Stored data
--------------------
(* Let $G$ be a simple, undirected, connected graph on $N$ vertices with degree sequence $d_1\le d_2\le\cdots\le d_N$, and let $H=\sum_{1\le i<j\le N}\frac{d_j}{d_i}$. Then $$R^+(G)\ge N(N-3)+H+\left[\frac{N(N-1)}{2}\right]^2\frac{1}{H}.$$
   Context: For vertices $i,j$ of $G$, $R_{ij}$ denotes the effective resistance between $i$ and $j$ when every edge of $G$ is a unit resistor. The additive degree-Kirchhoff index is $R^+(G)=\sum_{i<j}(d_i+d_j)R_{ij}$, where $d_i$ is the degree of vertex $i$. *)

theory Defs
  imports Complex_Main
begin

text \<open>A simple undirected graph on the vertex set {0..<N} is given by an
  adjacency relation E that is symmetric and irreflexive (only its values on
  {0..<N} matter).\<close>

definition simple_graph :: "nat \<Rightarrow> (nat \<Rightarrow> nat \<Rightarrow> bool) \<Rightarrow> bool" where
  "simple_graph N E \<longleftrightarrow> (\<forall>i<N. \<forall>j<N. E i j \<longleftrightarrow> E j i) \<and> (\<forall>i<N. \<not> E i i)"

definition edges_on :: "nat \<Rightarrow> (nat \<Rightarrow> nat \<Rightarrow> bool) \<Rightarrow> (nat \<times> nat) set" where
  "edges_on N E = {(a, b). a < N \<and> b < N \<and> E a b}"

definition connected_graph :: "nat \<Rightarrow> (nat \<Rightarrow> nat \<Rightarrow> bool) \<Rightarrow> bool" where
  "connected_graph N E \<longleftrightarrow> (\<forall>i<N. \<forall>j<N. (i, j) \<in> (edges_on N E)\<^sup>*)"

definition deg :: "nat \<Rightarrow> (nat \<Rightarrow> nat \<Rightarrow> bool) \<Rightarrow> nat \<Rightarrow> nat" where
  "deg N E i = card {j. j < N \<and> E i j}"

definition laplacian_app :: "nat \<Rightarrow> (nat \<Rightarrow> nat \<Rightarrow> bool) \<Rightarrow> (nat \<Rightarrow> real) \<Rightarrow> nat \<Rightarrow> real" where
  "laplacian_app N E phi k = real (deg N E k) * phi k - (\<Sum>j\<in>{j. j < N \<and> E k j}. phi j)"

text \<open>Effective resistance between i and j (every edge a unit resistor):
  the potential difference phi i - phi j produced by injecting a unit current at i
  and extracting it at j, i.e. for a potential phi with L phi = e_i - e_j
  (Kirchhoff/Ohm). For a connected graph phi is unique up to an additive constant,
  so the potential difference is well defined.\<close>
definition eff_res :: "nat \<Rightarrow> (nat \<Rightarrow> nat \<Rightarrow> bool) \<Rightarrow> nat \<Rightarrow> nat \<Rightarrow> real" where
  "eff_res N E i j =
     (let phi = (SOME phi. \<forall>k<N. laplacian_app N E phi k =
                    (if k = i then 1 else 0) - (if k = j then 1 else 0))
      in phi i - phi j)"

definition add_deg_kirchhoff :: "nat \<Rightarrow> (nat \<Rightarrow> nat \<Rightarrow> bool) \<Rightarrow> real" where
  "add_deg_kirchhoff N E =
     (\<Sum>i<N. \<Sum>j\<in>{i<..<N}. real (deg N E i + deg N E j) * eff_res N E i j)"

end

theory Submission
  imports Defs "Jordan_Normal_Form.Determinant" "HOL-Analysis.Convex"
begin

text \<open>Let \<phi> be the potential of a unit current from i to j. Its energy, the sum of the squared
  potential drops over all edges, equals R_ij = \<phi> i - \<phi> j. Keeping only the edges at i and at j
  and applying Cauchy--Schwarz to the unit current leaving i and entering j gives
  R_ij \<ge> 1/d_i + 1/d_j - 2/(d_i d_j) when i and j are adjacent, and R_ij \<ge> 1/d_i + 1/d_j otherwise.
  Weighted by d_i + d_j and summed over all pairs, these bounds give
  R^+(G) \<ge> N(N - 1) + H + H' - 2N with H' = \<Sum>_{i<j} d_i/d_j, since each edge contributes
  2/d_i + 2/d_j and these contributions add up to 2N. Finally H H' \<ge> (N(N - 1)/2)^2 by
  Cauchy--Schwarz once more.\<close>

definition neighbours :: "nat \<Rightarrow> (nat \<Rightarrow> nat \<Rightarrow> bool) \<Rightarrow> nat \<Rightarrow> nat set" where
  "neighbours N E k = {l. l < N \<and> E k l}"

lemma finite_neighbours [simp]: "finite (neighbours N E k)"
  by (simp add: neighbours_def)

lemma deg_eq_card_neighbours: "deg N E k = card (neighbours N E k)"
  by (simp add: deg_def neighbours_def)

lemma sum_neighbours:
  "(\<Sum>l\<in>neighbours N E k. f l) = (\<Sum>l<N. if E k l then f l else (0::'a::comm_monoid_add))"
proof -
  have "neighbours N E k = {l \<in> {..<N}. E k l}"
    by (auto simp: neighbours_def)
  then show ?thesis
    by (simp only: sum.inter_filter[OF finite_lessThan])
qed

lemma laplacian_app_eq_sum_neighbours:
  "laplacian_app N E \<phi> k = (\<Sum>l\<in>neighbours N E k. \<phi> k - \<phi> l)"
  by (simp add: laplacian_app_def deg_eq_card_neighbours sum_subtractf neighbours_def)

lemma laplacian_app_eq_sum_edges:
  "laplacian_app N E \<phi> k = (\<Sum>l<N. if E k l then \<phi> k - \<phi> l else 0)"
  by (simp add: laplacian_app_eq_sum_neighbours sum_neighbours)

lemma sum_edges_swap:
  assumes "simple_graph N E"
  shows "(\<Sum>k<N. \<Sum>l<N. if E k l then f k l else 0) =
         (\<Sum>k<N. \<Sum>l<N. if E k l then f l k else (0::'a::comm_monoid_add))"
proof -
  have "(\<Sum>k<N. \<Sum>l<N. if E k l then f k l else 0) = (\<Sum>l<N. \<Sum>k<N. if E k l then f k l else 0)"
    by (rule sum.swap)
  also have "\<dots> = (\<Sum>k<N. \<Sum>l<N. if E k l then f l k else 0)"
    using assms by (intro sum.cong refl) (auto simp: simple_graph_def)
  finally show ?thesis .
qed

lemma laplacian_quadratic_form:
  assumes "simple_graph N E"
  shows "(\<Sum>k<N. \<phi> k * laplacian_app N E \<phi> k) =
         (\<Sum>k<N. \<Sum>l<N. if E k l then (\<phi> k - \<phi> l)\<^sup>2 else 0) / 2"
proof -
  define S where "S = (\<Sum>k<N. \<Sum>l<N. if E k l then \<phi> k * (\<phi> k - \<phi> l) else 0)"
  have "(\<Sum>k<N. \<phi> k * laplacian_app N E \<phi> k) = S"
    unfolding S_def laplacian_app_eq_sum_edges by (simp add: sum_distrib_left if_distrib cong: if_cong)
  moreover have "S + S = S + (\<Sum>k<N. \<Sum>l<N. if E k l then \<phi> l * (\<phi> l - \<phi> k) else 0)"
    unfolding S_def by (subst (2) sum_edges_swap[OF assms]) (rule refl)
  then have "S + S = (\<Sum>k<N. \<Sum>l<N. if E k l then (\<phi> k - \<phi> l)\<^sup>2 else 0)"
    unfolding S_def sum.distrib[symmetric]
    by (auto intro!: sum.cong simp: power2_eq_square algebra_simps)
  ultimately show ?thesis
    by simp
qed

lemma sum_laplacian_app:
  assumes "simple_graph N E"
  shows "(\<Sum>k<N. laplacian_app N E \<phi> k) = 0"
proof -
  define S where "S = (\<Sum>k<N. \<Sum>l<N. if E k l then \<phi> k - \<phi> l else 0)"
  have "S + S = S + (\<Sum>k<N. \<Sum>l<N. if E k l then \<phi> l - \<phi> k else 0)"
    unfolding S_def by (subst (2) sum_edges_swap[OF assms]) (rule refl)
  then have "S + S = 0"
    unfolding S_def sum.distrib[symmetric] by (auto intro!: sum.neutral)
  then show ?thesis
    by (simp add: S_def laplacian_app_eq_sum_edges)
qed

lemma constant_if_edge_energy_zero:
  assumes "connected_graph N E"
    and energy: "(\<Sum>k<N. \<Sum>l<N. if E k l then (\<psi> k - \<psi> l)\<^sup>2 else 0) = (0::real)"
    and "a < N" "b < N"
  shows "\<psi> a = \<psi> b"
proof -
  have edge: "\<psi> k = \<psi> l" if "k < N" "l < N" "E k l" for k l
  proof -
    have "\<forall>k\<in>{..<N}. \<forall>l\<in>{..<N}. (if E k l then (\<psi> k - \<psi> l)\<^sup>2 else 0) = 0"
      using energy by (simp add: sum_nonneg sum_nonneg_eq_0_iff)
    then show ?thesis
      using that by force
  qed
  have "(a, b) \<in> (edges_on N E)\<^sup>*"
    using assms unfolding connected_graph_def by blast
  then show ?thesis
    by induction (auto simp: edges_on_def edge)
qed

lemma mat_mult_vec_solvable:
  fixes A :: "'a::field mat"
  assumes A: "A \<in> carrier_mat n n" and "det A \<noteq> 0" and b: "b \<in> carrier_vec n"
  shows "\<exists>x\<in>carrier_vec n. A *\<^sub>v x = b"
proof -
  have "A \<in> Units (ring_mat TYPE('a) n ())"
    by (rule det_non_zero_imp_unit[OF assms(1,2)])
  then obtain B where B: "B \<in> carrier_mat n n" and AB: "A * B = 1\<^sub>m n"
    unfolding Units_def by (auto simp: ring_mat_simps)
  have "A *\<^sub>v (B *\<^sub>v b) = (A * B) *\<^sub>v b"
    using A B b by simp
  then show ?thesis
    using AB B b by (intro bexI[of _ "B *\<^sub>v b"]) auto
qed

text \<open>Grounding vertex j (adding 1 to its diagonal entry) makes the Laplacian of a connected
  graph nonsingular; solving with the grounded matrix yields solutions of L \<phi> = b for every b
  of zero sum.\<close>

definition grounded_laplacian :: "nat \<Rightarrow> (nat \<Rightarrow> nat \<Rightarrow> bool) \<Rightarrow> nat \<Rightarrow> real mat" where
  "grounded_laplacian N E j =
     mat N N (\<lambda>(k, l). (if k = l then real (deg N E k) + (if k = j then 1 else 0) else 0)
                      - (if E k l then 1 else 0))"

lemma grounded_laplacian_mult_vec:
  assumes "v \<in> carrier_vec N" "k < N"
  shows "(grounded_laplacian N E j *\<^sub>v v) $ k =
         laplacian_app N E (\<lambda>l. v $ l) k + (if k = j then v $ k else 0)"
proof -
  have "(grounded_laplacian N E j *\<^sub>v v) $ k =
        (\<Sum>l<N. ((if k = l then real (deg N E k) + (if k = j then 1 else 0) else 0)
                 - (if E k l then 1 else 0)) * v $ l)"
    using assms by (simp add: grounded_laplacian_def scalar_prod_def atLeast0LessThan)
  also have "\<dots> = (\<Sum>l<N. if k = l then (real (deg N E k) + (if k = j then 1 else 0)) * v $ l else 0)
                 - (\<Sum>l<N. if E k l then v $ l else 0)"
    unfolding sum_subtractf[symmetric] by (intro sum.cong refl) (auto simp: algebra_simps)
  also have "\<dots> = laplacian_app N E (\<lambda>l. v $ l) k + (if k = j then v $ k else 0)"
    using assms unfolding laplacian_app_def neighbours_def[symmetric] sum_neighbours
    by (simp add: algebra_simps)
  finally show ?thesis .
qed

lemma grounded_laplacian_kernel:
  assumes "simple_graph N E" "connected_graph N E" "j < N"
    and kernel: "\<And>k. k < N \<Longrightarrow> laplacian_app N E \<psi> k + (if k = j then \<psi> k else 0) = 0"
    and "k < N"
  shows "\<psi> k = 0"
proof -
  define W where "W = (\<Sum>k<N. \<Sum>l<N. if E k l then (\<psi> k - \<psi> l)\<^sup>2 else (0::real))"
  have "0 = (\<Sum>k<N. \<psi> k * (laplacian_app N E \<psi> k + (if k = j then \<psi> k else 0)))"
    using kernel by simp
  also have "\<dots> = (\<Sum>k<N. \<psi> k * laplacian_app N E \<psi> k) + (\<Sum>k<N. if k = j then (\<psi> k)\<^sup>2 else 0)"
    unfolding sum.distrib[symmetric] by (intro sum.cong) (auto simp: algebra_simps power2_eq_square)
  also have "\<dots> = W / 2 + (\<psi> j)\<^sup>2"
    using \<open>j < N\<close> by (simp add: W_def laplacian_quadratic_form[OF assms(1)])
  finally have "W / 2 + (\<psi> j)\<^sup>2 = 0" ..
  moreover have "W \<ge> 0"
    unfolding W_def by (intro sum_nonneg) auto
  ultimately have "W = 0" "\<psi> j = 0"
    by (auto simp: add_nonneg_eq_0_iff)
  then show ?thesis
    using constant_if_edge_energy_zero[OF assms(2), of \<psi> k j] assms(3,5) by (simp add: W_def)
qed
--------------------
**What is needed**
I'd like an exact copy of the lines above, from the very first one through the line that contains "text \<open>A simple", with nothing else added.

**Result of this exercise**
(* Let $G$ be a simple, undirected, connected graph on $N$ vertices with degree sequence $d_1\le d_2\le\cdots\le d_N$, and let $H=\sum_{1\le i<j\le N}\frac{d_j}{d_i}$. Then $$R^+(G)\ge N(N-3)+H+\left[\frac{N(N-1)}{2}\right]^2\frac{1}{H}.$$
   Context: For vertices $i,j$ of $G$, $R_{ij}$ denotes the effective resistance between $i$ and $j$ when every edge of $G$ is a unit resistor. The additive degree-Kirchhoff index is $R^+(G)=\sum_{i<j}(d_i+d_j)R_{ij}$, where $d_i$ is the degree of vertex $i$. *)

theory Defs
  imports Complex_Main
begin

text \<open>A simple undirected graph on the vertex set {0..<N} is given by an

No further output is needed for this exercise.